Required action –
Give every line of the material again, exactly as written.

Provided entries –
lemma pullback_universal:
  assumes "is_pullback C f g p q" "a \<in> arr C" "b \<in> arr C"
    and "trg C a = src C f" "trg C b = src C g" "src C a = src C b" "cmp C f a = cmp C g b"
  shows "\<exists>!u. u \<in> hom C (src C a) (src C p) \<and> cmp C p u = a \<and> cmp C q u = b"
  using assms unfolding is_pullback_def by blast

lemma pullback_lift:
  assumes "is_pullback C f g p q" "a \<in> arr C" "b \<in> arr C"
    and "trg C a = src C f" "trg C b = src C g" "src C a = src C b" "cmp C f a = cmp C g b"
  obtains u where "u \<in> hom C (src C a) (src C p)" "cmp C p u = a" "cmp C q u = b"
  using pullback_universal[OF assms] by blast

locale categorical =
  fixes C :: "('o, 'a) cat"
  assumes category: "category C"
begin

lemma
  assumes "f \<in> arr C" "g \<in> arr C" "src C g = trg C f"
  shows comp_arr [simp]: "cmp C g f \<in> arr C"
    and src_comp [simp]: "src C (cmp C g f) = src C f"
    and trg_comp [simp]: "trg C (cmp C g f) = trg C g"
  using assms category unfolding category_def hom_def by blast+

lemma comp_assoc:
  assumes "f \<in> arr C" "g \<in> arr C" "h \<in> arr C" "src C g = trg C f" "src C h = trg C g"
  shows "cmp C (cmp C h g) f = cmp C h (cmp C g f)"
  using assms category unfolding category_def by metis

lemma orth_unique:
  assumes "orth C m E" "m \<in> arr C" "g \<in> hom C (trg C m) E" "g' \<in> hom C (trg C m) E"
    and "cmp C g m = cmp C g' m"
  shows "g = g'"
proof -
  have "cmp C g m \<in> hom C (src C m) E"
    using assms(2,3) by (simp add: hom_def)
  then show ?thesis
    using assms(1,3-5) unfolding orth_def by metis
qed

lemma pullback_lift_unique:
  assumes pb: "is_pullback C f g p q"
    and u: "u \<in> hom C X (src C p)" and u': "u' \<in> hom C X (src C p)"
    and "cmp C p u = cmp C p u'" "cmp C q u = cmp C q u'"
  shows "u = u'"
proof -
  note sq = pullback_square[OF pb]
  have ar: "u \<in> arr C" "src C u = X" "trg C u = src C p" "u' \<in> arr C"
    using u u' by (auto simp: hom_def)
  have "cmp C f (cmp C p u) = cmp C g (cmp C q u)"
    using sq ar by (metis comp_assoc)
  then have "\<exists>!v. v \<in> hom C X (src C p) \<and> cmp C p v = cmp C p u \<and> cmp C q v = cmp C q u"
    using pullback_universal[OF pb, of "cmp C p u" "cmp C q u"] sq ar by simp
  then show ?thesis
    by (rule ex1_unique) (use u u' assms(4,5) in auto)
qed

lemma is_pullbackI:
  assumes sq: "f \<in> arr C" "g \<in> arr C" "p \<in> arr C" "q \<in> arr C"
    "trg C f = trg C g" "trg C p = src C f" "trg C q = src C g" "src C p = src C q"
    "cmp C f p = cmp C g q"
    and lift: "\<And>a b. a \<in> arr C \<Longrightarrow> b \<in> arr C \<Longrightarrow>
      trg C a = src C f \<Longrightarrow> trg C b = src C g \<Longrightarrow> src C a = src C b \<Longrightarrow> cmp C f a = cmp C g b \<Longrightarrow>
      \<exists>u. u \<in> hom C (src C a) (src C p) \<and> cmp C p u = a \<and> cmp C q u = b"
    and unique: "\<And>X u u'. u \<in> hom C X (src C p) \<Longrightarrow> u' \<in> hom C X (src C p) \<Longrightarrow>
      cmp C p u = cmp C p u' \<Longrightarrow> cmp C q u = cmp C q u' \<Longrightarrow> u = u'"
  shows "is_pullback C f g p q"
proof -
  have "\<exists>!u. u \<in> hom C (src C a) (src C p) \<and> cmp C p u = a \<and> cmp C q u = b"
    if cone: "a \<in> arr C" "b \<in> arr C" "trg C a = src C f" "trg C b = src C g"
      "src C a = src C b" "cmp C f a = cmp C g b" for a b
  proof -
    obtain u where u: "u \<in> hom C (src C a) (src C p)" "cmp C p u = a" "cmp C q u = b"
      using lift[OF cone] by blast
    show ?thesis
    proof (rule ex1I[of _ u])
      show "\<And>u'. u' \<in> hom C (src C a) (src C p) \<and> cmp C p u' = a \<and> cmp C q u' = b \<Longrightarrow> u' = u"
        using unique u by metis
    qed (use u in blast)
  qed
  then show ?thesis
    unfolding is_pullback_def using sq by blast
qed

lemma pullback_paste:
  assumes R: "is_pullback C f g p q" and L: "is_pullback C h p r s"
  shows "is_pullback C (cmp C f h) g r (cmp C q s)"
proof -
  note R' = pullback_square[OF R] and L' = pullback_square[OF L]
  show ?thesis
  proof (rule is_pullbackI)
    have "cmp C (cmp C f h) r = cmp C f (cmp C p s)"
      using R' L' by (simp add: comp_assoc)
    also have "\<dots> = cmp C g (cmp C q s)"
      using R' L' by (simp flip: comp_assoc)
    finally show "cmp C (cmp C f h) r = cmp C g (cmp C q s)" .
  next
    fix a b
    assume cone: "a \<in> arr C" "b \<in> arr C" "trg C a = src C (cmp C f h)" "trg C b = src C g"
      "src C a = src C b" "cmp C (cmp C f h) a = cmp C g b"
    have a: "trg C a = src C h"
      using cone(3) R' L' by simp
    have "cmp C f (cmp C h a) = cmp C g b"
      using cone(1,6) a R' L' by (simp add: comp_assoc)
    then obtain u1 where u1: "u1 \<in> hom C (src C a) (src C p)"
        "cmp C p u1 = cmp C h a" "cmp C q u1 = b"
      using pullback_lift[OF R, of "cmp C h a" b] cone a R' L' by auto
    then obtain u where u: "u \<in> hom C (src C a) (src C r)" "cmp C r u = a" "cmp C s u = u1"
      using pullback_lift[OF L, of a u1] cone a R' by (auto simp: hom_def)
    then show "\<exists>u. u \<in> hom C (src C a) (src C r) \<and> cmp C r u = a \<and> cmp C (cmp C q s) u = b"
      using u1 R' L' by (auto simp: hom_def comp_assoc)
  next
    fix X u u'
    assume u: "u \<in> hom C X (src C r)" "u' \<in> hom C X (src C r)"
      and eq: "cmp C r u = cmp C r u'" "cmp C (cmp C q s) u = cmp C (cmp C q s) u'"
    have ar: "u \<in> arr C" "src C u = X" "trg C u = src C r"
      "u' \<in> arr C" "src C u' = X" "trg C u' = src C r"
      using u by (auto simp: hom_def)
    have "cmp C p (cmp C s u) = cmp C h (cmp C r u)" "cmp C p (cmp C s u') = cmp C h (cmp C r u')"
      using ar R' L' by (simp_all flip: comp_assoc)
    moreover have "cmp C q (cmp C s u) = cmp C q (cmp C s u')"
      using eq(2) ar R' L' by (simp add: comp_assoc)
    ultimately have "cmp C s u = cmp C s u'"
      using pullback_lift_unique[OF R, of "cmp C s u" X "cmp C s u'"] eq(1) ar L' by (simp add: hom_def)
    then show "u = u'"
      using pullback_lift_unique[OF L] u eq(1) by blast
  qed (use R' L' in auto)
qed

Reply to the exercise –
lemma pullback_universal:
  assumes "is_pullback C f g p q" "a \<in> arr C" "b \<in> arr C"
    and "trg C a = src C f" "trg C b = src C g" "src C a = src C b" "cmp C f a = cmp C g b"
  shows "\<exists>!u. u \<in> hom C (src C a) (src C p) \<and> cmp C p u = a \<and> cmp C q u = b"
  using assms unfolding is_pullback_def by blast

lemma pullback_lift:
  assumes "is_pullback C f g p q" "a \<in> arr C" "b \<in> arr C"
    and "trg C a = src C f" "trg C b = src C g" "src C a = src C b" "cmp C f a = cmp C g b"
  obtains u where "u \<in> hom C (src C a) (src C p)" "cmp C p u = a" "cmp C q u = b"
  using pullback_universal[OF assms] by blast

locale categorical =
  fixes C :: "('o, 'a) cat"
  assumes category: "category C"
begin

lemma
  assumes "f \<in> arr C" "g \<in> arr C" "src C g = trg C f"
  shows comp_arr [simp]: "cmp C g f \<in> arr C"
    and src_comp [simp]: "src C (cmp C g f) = src C f"
    and trg_comp [simp]: "trg C (cmp C g f) = trg C g"
  using assms category unfolding category_def hom_def by blast+

lemma comp_assoc:
  assumes "f \<in> arr C" "g \<in> arr C" "h \<in> arr C" "src C g = trg C f" "src C h = trg C g"
  shows "cmp C (cmp C h g) f = cmp C h (cmp C g f)"
  using assms category unfolding category_def by metis

lemma orth_unique:
  assumes "orth C m E" "m \<in> arr C" "g \<in> hom C (trg C m) E" "g' \<in> hom C (trg C m) E"
    and "cmp C g m = cmp C g' m"
  shows "g = g'"
proof -
  have "cmp C g m \<in> hom C (src C m) E"
    using assms(2,3) by (simp add: hom_def)
  then show ?thesis
    using assms(1,3-5) unfolding orth_def by metis
qed

lemma pullback_lift_unique:
  assumes pb: "is_pullback C f g p q"
    and u: "u \<in> hom C X (src C p)" and u': "u' \<in> hom C X (src C p)"
    and "cmp C p u = cmp C p u'" "cmp C q u = cmp C q u'"
  shows "u = u'"
proof -
  note sq = pullback_square[OF pb]
  have ar: "u \<in> arr C" "src C u = X" "trg C u = src C p" "u' \<in> arr C"
    using u u' by (auto simp: hom_def)
  have "cmp C f (cmp C p u) = cmp C g (cmp C q u)"
    using sq ar by (metis comp_assoc)
  then have "\<exists>!v. v \<in> hom C X (src C p) \<and> cmp C p v = cmp C p u \<and> cmp C q v = cmp C q u"
    using pullback_universal[OF pb, of "cmp C p u" "cmp C q u"] sq ar by simp
  then show ?thesis
    by (rule ex1_unique) (use u u' assms(4,5) in auto)
qed

lemma is_pullbackI:
  assumes sq: "f \<in> arr C" "g \<in> arr C" "p \<in> arr C" "q \<in> arr C"
    "trg C f = trg C g" "trg C p = src C f" "trg C q = src C g" "src C p = src C q"
    "cmp C f p = cmp C g q"
    and lift: "\<And>a b. a \<in> arr C \<Longrightarrow> b \<in> arr C \<Longrightarrow>
      trg C a = src C f \<Longrightarrow> trg C b = src C g \<Longrightarrow> src C a = src C b \<Longrightarrow> cmp C f a = cmp C g b \<Longrightarrow>
      \<exists>u. u \<in> hom C (src C a) (src C p) \<and> cmp C p u = a \<and> cmp C q u = b"
    and unique: "\<And>X u u'. u \<in> hom C X (src C p) \<Longrightarrow> u' \<in> hom C X (src C p) \<Longrightarrow>
      cmp C p u = cmp C p u' \<Longrightarrow> cmp C q u = cmp C q u' \<Longrightarrow> u = u'"
  shows "is_pullback C f g p q"
proof -
  have "\<exists>!u. u \<in> hom C (src C a) (src C p) \<and> cmp C p u = a \<and> cmp C q u = b"
    if cone: "a \<in> arr C" "b \<in> arr C" "trg C a = src C f" "trg C b = src C g"
      "src C a = src C b" "cmp C f a = cmp C g b" for a b
  proof -
    obtain u where u: "u \<in> hom C (src C a) (src C p)" "cmp C p u = a" "cmp C q u = b"
      using lift[OF cone] by blast
    show ?thesis
    proof (rule ex1I[of _ u])
      show "\<And>u'. u' \<in> hom C (src C a) (src C p) \<and> cmp C p u' = a \<and> cmp C q u' = b \<Longrightarrow> u' = u"
        using unique u by metis
    qed (use u in blast)
  qed
  then show ?thesis
    unfolding is_pullback_def using sq by blast
qed

lemma pullback_paste:
  assumes R: "is_pullback C f g p q" and L: "is_pullback C h p r s"
  shows "is_pullback C (cmp C f h) g r (cmp C q s)"
proof -
  note R' = pullback_square[OF R] and L' = pullback_square[OF L]
  show ?thesis
  proof (rule is_pullbackI)
    have "cmp C (cmp C f h) r = cmp C f (cmp C p s)"
      using R' L' by (simp add: comp_assoc)
    also have "\<dots> = cmp C g (cmp C q s)"
      using R' L' by (simp flip: comp_assoc)
    finally show "cmp C (cmp C f h) r = cmp C g (cmp C q s)" .
  next
    fix a b
    assume cone: "a \<in> arr C" "b \<in> arr C" "trg C a = src C (cmp C f h)" "trg C b = src C g"
      "src C a = src C b" "cmp C (cmp C f h) a = cmp C g b"
    have a: "trg C a = src C h"
      using cone(3) R' L' by simp
    have "cmp C f (cmp C h a) = cmp C g b"
      using cone(1,6) a R' L' by (simp add: comp_assoc)
    then obtain u1 where u1: "u1 \<in> hom C (src C a) (src C p)"
        "cmp C p u1 = cmp C h a" "cmp C q u1 = b"
      using pullback_lift[OF R, of "cmp C h a" b] cone a R' L' by auto
    then obtain u where u: "u \<in> hom C (src C a) (src C r)" "cmp C r u = a" "cmp C s u = u1"
      using pullback_lift[OF L, of a u1] cone a R' by (auto simp: hom_def)
    then show "\<exists>u. u \<in> hom C (src C a) (src C r) \<and> cmp C r u = a \<and> cmp C (cmp C q s) u = b"
      using u1 R' L' by (auto simp: hom_def comp_assoc)
  next
    fix X u u'
    assume u: "u \<in> hom C X (src C r)" "u' \<in> hom C X (src C r)"
      and eq: "cmp C r u = cmp C r u'" "cmp C (cmp C q s) u = cmp C (cmp C q s) u'"
    have ar: "u \<in> arr C" "src C u = X" "trg C u = src C r"
      "u' \<in> arr C" "src C u' = X" "trg C u' = src C r"
      using u by (auto simp: hom_def)
    have "cmp C p (cmp C s u) = cmp C h (cmp C r u)" "cmp C p (cmp C s u') = cmp C h (cmp C r u')"
      using ar R' L' by (simp_all flip: comp_assoc)
    moreover have "cmp C q (cmp C s u) = cmp C q (cmp C s u')"
      using eq(2) ar R' L' by (simp add: comp_assoc)
    ultimately have "cmp C s u = cmp C s u'"
      using pullback_lift_unique[OF R, of "cmp C s u" X "cmp C s u'"] eq(1) ar L' by (simp add: hom_def)
    then show "u = u'"
      using pullback_lift_unique[OF L] u eq(1) by blast
  qed (use R' L' in auto)
qed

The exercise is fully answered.